» Task description
Look through the material and copy each line holding "moreover".

» Extracted entries

-------------------------

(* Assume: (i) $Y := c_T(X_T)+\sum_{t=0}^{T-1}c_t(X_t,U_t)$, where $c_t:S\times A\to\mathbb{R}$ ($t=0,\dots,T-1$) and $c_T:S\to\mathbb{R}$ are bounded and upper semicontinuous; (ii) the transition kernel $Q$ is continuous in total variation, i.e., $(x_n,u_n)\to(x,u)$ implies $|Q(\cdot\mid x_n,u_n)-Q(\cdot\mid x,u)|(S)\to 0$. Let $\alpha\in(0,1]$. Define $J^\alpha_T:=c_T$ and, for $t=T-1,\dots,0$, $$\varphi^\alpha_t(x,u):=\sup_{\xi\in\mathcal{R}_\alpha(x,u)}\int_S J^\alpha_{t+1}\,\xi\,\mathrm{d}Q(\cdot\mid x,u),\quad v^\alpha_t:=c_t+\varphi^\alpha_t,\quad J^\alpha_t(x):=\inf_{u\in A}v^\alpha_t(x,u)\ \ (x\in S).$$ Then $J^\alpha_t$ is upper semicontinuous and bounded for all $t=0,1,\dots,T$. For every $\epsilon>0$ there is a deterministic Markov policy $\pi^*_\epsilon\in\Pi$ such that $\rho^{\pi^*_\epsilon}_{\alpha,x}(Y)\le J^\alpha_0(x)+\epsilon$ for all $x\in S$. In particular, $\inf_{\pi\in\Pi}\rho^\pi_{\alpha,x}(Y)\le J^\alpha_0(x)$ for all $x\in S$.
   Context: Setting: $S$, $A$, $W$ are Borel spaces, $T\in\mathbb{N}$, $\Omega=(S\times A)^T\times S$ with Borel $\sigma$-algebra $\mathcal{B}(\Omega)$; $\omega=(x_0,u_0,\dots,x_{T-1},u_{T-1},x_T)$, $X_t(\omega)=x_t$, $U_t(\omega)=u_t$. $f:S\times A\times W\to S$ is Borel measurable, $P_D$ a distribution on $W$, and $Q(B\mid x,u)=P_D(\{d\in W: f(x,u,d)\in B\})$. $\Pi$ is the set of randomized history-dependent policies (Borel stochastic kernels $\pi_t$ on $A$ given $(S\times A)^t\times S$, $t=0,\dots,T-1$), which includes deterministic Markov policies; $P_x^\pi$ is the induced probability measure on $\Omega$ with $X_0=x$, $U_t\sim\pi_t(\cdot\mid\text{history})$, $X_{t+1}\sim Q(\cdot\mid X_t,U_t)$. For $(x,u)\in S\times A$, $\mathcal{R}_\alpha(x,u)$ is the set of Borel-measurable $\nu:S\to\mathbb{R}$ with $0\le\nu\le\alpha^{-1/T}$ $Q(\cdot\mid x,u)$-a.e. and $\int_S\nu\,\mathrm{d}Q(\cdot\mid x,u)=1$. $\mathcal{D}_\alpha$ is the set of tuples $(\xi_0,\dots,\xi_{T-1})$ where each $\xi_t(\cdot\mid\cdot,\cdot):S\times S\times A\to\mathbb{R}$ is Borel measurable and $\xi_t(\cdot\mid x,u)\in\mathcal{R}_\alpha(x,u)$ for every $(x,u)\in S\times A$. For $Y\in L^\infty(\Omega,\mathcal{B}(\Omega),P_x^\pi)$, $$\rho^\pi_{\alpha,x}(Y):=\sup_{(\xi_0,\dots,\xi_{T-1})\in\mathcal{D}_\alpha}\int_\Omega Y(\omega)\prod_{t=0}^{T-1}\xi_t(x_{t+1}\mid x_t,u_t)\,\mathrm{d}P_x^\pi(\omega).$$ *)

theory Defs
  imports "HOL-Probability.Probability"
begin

-------------------------

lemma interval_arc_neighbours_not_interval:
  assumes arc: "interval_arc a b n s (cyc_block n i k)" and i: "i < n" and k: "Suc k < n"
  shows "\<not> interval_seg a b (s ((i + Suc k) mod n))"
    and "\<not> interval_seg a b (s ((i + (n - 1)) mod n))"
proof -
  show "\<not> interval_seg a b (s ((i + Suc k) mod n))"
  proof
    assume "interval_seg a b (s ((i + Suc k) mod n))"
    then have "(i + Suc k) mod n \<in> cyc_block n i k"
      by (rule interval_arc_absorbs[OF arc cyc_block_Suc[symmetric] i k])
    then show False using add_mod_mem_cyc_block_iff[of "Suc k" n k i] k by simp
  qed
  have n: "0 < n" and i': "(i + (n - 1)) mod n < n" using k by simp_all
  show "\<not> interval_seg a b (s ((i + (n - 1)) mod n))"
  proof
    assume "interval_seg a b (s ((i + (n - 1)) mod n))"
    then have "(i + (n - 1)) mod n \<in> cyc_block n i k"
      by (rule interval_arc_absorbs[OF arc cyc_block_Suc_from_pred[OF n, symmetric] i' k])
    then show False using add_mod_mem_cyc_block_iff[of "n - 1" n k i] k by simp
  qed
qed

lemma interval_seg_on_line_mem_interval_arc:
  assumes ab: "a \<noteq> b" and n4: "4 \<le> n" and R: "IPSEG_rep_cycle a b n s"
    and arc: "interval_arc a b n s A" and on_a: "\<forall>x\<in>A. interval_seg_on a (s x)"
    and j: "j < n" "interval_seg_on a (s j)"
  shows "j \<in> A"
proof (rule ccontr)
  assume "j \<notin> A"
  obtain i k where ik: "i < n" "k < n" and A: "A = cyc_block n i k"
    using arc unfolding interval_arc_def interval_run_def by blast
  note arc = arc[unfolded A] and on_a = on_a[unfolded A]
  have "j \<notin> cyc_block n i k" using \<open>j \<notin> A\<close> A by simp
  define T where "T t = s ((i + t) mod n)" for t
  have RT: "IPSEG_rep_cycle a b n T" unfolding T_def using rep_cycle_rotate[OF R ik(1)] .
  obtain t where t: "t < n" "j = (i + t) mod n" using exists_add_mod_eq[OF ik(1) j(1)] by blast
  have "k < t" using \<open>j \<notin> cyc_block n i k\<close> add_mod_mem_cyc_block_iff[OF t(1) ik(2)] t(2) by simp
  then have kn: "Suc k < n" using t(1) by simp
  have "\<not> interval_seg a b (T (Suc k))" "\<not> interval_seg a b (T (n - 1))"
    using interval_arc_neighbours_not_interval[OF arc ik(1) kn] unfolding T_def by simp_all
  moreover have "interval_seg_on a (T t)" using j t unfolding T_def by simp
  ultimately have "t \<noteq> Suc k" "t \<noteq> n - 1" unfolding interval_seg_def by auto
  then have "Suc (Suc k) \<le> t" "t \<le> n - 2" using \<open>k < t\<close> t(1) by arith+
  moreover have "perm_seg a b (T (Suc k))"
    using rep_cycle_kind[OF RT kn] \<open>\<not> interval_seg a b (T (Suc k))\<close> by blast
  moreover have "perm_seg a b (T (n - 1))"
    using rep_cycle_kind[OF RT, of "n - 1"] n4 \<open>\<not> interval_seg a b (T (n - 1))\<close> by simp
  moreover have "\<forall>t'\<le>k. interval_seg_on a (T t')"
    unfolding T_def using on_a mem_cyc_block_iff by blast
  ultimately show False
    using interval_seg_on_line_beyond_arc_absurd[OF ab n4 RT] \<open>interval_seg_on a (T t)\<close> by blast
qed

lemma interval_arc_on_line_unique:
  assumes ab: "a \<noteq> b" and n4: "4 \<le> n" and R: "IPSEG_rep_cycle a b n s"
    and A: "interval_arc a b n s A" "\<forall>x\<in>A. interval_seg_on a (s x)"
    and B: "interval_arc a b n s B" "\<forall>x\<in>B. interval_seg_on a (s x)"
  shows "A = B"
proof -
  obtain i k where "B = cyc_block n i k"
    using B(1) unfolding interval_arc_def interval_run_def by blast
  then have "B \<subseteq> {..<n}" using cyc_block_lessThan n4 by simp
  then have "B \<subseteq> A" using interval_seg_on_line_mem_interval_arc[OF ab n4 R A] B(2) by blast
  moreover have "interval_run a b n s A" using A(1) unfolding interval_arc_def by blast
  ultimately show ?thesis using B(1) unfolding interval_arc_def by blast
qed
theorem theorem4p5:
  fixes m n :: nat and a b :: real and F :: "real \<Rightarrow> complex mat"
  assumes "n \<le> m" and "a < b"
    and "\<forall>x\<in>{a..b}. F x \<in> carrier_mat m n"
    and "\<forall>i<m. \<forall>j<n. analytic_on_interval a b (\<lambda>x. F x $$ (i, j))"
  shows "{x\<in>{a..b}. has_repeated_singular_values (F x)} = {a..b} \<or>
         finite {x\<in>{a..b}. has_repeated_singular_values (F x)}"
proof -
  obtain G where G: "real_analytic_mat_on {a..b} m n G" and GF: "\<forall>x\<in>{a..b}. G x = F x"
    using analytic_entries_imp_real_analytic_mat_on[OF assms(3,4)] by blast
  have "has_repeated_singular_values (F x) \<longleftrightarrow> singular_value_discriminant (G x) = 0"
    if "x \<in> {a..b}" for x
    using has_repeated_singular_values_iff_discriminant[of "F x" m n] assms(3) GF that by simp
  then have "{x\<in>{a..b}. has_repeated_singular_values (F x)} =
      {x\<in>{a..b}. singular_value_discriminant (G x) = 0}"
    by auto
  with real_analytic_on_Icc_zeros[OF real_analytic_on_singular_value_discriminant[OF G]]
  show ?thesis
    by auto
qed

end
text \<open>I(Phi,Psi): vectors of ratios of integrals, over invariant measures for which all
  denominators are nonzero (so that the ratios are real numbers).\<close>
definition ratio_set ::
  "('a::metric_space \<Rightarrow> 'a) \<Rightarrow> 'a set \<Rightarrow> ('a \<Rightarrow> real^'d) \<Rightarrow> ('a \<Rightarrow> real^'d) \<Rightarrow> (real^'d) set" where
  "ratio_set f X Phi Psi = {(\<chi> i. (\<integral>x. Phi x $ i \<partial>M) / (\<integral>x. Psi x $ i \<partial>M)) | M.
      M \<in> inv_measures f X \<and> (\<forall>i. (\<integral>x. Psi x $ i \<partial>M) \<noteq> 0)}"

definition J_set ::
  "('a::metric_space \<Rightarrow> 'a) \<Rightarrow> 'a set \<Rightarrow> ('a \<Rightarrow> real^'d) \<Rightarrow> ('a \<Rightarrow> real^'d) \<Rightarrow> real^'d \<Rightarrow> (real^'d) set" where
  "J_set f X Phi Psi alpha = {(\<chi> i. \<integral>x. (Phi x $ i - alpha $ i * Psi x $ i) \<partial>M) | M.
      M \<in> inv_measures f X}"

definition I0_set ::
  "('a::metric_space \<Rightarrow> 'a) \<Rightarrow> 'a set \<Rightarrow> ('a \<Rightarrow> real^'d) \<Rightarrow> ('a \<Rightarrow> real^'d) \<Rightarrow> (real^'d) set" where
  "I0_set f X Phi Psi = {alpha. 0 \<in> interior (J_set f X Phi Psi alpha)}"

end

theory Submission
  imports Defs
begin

-------------------------

» Response to the exercise
  moreover have "interval_seg_on a (T t)" using j t unfolding T_def by simp
  moreover have "perm_seg a b (T (Suc k))"
  moreover have "perm_seg a b (T (n - 1))"
  moreover have "\<forall>t'\<le>k. interval_seg_on a (T t')"
  moreover have "interval_run a b n s A" using A(1) unfolding interval_arc_def by blast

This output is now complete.